--- Input data ---

lemma pi_cot_eq_Digamma:
  fixes x :: real
  assumes "0 < x" "x < 1"
  shows "pi * cot (pi * x) = Digamma (1 - x) - Digamma x"
proof -
  have s: "sin (pi * x) > 0" using assms by (intro sin_gt_zero) auto
  have x: "x \<notin> \<int>\<^sub>\<le>\<^sub>0" "1 - x \<notin> \<int>\<^sub>\<le>\<^sub>0"
    using assms by (auto intro!: pos_notin_nonpos_Ints)
  have "((\<lambda>t. Gamma t * Gamma (1 - t)) has_field_derivative
      Gamma x * Gamma (1 - x) * (Digamma x - Digamma (1 - x))) (at x)"
    using x by (auto intro!: derivative_eq_intros has_field_derivative_Gamma simp: algebra_simps)
  moreover have "((\<lambda>t. pi / sin (pi * t)) has_field_derivative - pi * cos (pi * x) * pi / sin (pi * x) ^ 2) (at x)"
    using s by (auto intro!: derivative_eq_intros simp: power2_eq_square)
  ultimately have "Gamma x * Gamma (1 - x) * (Digamma x - Digamma (1 - x))
      = - pi * cos (pi * x) * pi / sin (pi * x) ^ 2"
    unfolding Gamma_reflection_real by (rule DERIV_unique)
  then have "pi / sin (pi * x) * (Digamma x - Digamma (1 - x)) = pi / sin (pi * x) * (- pi * cot (pi * x))"
    using s by (simp add: Gamma_reflection_real cot_def power2_eq_square field_simps)
  then have "Digamma x - Digamma (1 - x) = - pi * cot (pi * x)"
    using s by (subst (asm) mult_left_cancel) auto
  then show ?thesis by simp
qed

definition cot_polygamma :: "nat \<Rightarrow> real \<Rightarrow> real" where
  "cot_polygamma m y = 1 / pi ^ (m + 1) * ((-1) ^ m * Polygamma m (1 - y / pi) - Polygamma m (y / pi))"

lemma cot_polygamma_has_field_derivative:
  assumes "0 < y" "y < pi"
  shows "(cot_polygamma m has_field_derivative cot_polygamma (Suc m) y) (at y)"
proof -
  have "y / pi > 0" "1 - y / pi > 0" using assms by (auto simp: field_simps)
  then have "(cot_polygamma m has_field_derivative 1 / pi ^ (m + 1)
      * ((-1) ^ m * (Polygamma (Suc m) (1 - y / pi) * (- (1 / pi))) - Polygamma (Suc m) (y / pi) * (1 / pi))) (at y)"
    unfolding cot_polygamma_def by (auto intro!: derivative_eq_intros pos_notin_nonpos_Ints)
  then show ?thesis
    by (simp add: cot_polygamma_def field_simps)
qed

lemma iter_deriv_cot_eq_cot_polygamma:
  assumes "0 < y" "y < pi"
  shows "(deriv ^^ m) cot y = cot_polygamma m y"
  using assms
proof (induction m arbitrary: y)
  case 0
  have "pi * cot (pi * (y / pi)) = Digamma (1 - y / pi) - Digamma (y / pi)"
    using 0 by (intro pi_cot_eq_Digamma) (auto simp: field_simps)
  then show ?case by (simp add: cot_polygamma_def field_simps)
next
  case (Suc m)
  have "eventually (\<lambda>t. t \<in> {0<..<pi}) (nhds y)"
    using Suc.prems by (intro eventually_nhds_in_open) auto
  then have "eventually (\<lambda>t. (deriv ^^ m) cot t = cot_polygamma m t) (nhds y)"
    by eventually_elim (use Suc.IH in auto)
  then have "deriv ((deriv ^^ m) cot) y = deriv (cot_polygamma m) y"
    by (intro deriv_cong_ev) auto
  also have "\<dots> = cot_polygamma (Suc m) y"
    by (rule DERIV_imp_deriv[OF cot_polygamma_has_field_derivative[OF Suc.prems]])
  finally show ?case by simp
qed

definition hurwitz_sum :: "nat \<Rightarrow> real \<Rightarrow> real" where
  "hurwitz_sum p z = (\<Sum>j. inverse ((z + real j) ^ p))"

lemma summable_hurwitz_sum: "z > 0 \<Longrightarrow> p \<ge> 2 \<Longrightarrow> summable (\<lambda>j. inverse ((z + real j) ^ p))"
  using Polygamma_converges'[of z p] by simp

lemma abs_Polygamma_eq_hurwitz_sum:
  assumes "m \<ge> 1" "z > 0"
  shows "\<bar>Polygamma m z\<bar> = fact m * hurwitz_sum (Suc m) z"
proof -
  have "hurwitz_sum (Suc m) z \<ge> 0"
    unfolding hurwitz_sum_def using assms by (intro suminf_nonneg summable_hurwitz_sum) auto
  moreover have "Polygamma m z = (-1) ^ Suc m * fact m * hurwitz_sum (Suc m) z"
    using assms unfolding Polygamma_def hurwitz_sum_def by simp
  ultimately show ?thesis by (simp add: abs_mult)
qed
text \<open>Randomized algorithms = probability distributions over decision trees.
  Valid: on every input, outputs a fixed point with probability at least 9/10.\<close>
definition valid_rand_alg :: "nat \<Rightarrow> nat \<Rightarrow> dtree pmf \<Rightarrow> bool" where
  "valid_rand_alg n k A \<longleftrightarrow>
     (\<forall>f\<in>tarski_inputs n k.
        measure_pmf.prob A {T. is_fixed_point n k f (tree_output T f)} \<ge> 9/10)"

definition expected_queries :: "dtree pmf \<Rightarrow> (nat list \<Rightarrow> nat list) \<Rightarrow> ennreal" where
  "expected_queries A f = (\<integral>\<^sup>+ T. ennreal (real (num_queries T f)) \<partial>measure_pmf A)"

definition rand_query_complexity :: "nat \<Rightarrow> nat \<Rightarrow> ennreal" where
  "rand_query_complexity n k =
     (INF A\<in>{A. valid_rand_alg n k A}. SUP f\<in>tarski_inputs n k. expected_queries A f)"

end

theory Submission
  imports Defs
begin

(* For each point x of the grid, the hard input lex_instance n k x moves a query v one step
   towards x at the first coordinate where they differ and pushes all later coordinates to
   the extreme value (0 when stepping up, n - 1 when stepping down) that keeps the map
   monotone.  Its only fixed point is x, and as x ranges over the grid each query has at most
   2k + 1 possible answers, so a decision tree that stops within m queries can output at most
   (2k + 1)^m distinct points.  If 2 (2k + 1)^m <= n^k, averaging over a uniformly random x
   (Yao's principle) shows that an algorithm succeeding with probability 9/10 makes more than
   m queries on a 2/5 fraction of the inputs on average, so its worst-case expected cost is at
   least 2/5 (m + 1).  Taking m = floor (k ln n / (2 ln (2k + 1))) gives the bound with
   c = 1/15. *)

section \<open>Lexicographic step maps\<close>

fun lex_step :: "nat \<Rightarrow> nat list \<Rightarrow> nat list \<Rightarrow> nat list" where
  "lex_step n (a # xs) (b # vs) =
     (if b = a then b # lex_step n xs vs
      else if b < a then Suc b # replicate (length vs) 0
      else (b - 1) # replicate (length vs) (n - 1))"
| "lex_step n _ _ = []"
(* Let $d\ge3$ be an integer and $\nu>0$. Let $(\hat Z_t)_{t\ge0}$ be the continuous-time Markov chain on $\mathbb N_0\cup\{\dagger\}$ with transition rates $\hat r(i,i+1)=2\frac{d-1}{d}$ for $i\ge1$, $\hat r(i,i-1)=\frac2d$ for $i\ge1$, $\hat r(0,1)=2$, $\hat r(i,\dagger)=\nu i$ for $i\in\mathbb N_0$, and all other rates zero (so $\dagger$ is absorbing). Define the collision local time $$R_{d,\nu}(i)=\mathsf E\Big[\int_0^\infty\mathbf 1_{\{\hat Z_t=0\}}\,{\rm d}t\ \Big|\ \hat Z_0=i\Big].$$ Then $R_{d,\nu}(0)=\dfrac{1}{2\vartheta_{d,\nu}}$.
   Context: $\beta_d=\sqrt{d-1}$, $\rho_d=2\sqrt{d-1}/d$; $\Delta_{d,\nu}$ is the continued fraction $\Delta_{d,\nu}=\cfrac{1}{a_1-\cfrac{1}{a_2-\cfrac{1}{a_3-\cdots}}}$ with $a_i=\frac{2+i\nu}{\rho_d}$; and $\vartheta_{d,\nu}=1-\Delta_{d,\nu}/\beta_d$. (The chain $\hat Z$ models the distance of two independent rate-1 random walks on the infinite $d$-regular tree whose connecting path's edges each disappear at rate $\nu$, $\dagger$ representing disconnection.) *)

theory Defs
  imports "HOL-Analysis.Analysis"
begin

definition beta_d :: "nat \<Rightarrow> real" where
  "beta_d d = sqrt (real d - 1)"

definition rho_d :: "nat \<Rightarrow> real" where
  "rho_d d = 2 * sqrt (real d - 1) / real d"

fun cf_trunc :: "(nat \<Rightarrow> real) \<Rightarrow> nat \<Rightarrow> nat \<Rightarrow> real" where
  "cf_trunc a k 0 = 0"
| "cf_trunc a k (Suc n) = 1 / (a k - cf_trunc a (Suc k) n)"

definition Delta :: "nat \<Rightarrow> real \<Rightarrow> real" where
  "Delta d \<nu> = lim (\<lambda>n. cf_trunc (\<lambda>i. (2 + real i * \<nu>) / rho_d d) 1 n)"

definition vartheta :: "nat \<Rightarrow> real \<Rightarrow> real" where
  "vartheta d \<nu> = 1 - Delta d \<nu> / beta_d d"

definition exit_rate :: "('s \<Rightarrow> 's \<Rightarrow> real) \<Rightarrow> 's \<Rightarrow> real" where
  "exit_rate q x = enn2real (\<integral>\<^sup>+ z. ennreal (q x z) \<partial>count_space (UNIV - {x}))"

text \<open>Iterates of the backward Kolmogorov integral equation (Feller's construction);
  P_iter q n t x y is the probability to be at y at time t, started at x,
  having made at most n jumps.\<close>
fun P_iter :: "('s \<Rightarrow> 's \<Rightarrow> real) \<Rightarrow> nat \<Rightarrow> real \<Rightarrow> 's \<Rightarrow> 's \<Rightarrow> ennreal" where
  "P_iter q 0 t x y = (if x = y then ennreal (exp (- exit_rate q x * t)) else 0)"
| "P_iter q (Suc n) t x y =
     (if x = y then ennreal (exp (- exit_rate q x * t)) else 0)
     + (\<integral>\<^sup>+ s \<in> {0..t}. ennreal (exp (- exit_rate q x * s)) *
          (\<integral>\<^sup>+ z. ennreal (q x z) * P_iter q n (t - s) z y \<partial>count_space (UNIV - {x}))
        \<partial>lborel)"

definition P_min :: "('s \<Rightarrow> 's \<Rightarrow> real) \<Rightarrow> real \<Rightarrow> 's \<Rightarrow> 's \<Rightarrow> ennreal" where
  "P_min q t x y = (SUP n. P_iter q n t x y)"

text \<open>Expected occupation time of y: E_x[ int_0^oo 1{Z_t = y} dt ] = int_0^oo P_t(x,y) dt.\<close>
definition occupation :: "('s \<Rightarrow> 's \<Rightarrow> real) \<Rightarrow> 's \<Rightarrow> 's \<Rightarrow> ennreal" where
  "occupation q x y = (\<integral>\<^sup>+ t \<in> {0..}. P_min q t x y \<partial>lborel)"

text \<open>States: Some i is i \<in> N_0, None is the cemetery dagger.\<close>
definition Zrate :: "nat \<Rightarrow> real \<Rightarrow> nat option \<Rightarrow> nat option \<Rightarrow> real" where
  "Zrate d \<nu> x y =
     (case x of
        None \<Rightarrow> 0
      | Some i \<Rightarrow>
          (case y of
             None \<Rightarrow> \<nu> * real i
           | Some j \<Rightarrow>
               (if i = 0 \<and> j = 1 then 2
                else if i \<ge> 1 \<and> j = i + 1 then 2 * (real d - 1) / real d
                else if i \<ge> 1 \<and> j + 1 = i then 2 / real d
                else 0)))"

definition R_dnu :: "nat \<Rightarrow> real \<Rightarrow> nat \<Rightarrow> ennreal" where
  "R_dnu d \<nu> i = occupation (Zrate d \<nu>) (Some i) (Some 0)"

end

theory Submission
  imports Defs
begin

(* Decomposing at the first jump, the occupation times R(i) = R_{d,nu}(i) form the minimal
   nonnegative solution of (2 + i nu) R(i) = [i = 0] + up(i) R(i+1) + down(i) R(i-1), where up and
   down are the rates to i+1 and i-1.
   Writing Delta_k for the tail of the continued fraction starting at a_k, so that
   Delta_k = 1 / (a_k - Delta_(k+1)), the product h(i) = h(0) prod_{k=1..i} Delta_k / beta solves
   the same system exactly when h(0) = 1/(2 theta), and it decays geometrically in i.
   Minimality gives R <= h. Conversely h - R is a nonnegative subsolution of the homogeneous
   system; for d > 1 this forces it to be nondecreasing in i, and since it is dominated by h,
   which tends to 0, it vanishes. *)

section \<open>Occupation times of the minimal chain\<close>

lemma borel_measurable_convolution_halfline:
  fixes f K :: "real \<Rightarrow> ennreal"
  assumes [measurable]: "f \<in> borel_measurable borel" "K \<in> borel_measurable borel"
  shows "(\<lambda>t. \<integral>\<^sup>+ s \<in> {0..t}. f s * K (t - s) \<partial>lborel) \<in> borel_measurable borel"
proof -
  have "(\<lambda>(t, s). f s * K (t - s) * indicator {0..t} s) \<in> borel_measurable (borel \<Otimes>\<^sub>M lborel)"
    unfolding split_beta' indicator_def of_bool_def atLeastAtMost_iff by measurable
  then show ?thesis
    by (rule lborel.borel_measurable_nn_integral)
qed

lemma P_iter_measurable[measurable]:
  fixes q :: "'s::countable \<Rightarrow> 's \<Rightarrow> real"
  shows "(\<lambda>t. P_iter q n t x y) \<in> borel_measurable borel"
proof (induction n arbitrary: x y)
  case 0
  then show ?case by simp
next
  case (Suc n)
  define K where "K x \<tau> = (\<integral>\<^sup>+ z. ennreal (q x z) * P_iter q n \<tau> z y \<partial>count_space (UNIV - {x}))" for x \<tau>
  have K_measurable[measurable]: "K x \<in> borel_measurable borel" for x
  proof -
    interpret sigma_finite_measure "count_space (UNIV - {x})"
      by (rule sigma_finite_measure_count_space_countable) simp
    have "(\<lambda>(z, \<tau>). ennreal (q x z) * P_iter q n \<tau> z y) \<in> borel_measurable (count_space (UNIV - {x}) \<Otimes>\<^sub>M borel)"
      by (rule measurable_pair_measure_countable1) (auto intro!: borel_measurable_times_ennreal Suc.IH)
    then have "(\<lambda>(\<tau>, z). ennreal (q x z) * P_iter q n \<tau> z y) \<in> borel_measurable (borel \<Otimes>\<^sub>M count_space (UNIV - {x}))"
      by (subst measurable_pair_swap_iff) (simp add: case_prod_beta)
    then show ?thesis unfolding K_def by (rule borel_measurable_nn_integral)
  qed
  have "(\<lambda>t. \<integral>\<^sup>+ s \<in> {0..t}. ennreal (exp (- exit_rate q x * s)) * K x (t - s) \<partial>lborel) \<in> borel_measurable borel"
    by (rule borel_measurable_convolution_halfline) measurable
  then show ?case
    by (simp add: K_def)
qed

lemma P_iter_le_Suc: "P_iter q n t x y \<le> P_iter q (Suc n) t x y"
proof (induction n arbitrary: t x y)
  case 0
  then show ?case by simp
next
  case (Suc n)
  show ?case
    unfolding P_iter.simps(2)[of q "Suc n" t x y] P_iter.simps(2)[of q n t x y]
    by (intro add_mono order_refl nn_integral_mono mult_left_mono mult_right_mono Suc.IH) auto
qed

lemma nn_integral_exp_neg_halfline:
  assumes "a > 0"
  shows "(\<integral>\<^sup>+ s \<in> {0..}. ennreal (exp (- a * s)) \<partial>lborel) = ennreal (1 / a)"
  using nn_integral_has_integral_lebesgue'[OF _ has_integral_exp_minus_to_infinity[OF assms, of 0]]
  by simp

---

Where the string "induction" appears in a line of the entries above, return that line.

▶ [Written response]
proof (induction m arbitrary: y)
proof (induction n arbitrary: x y)
proof (induction n arbitrary: t x y)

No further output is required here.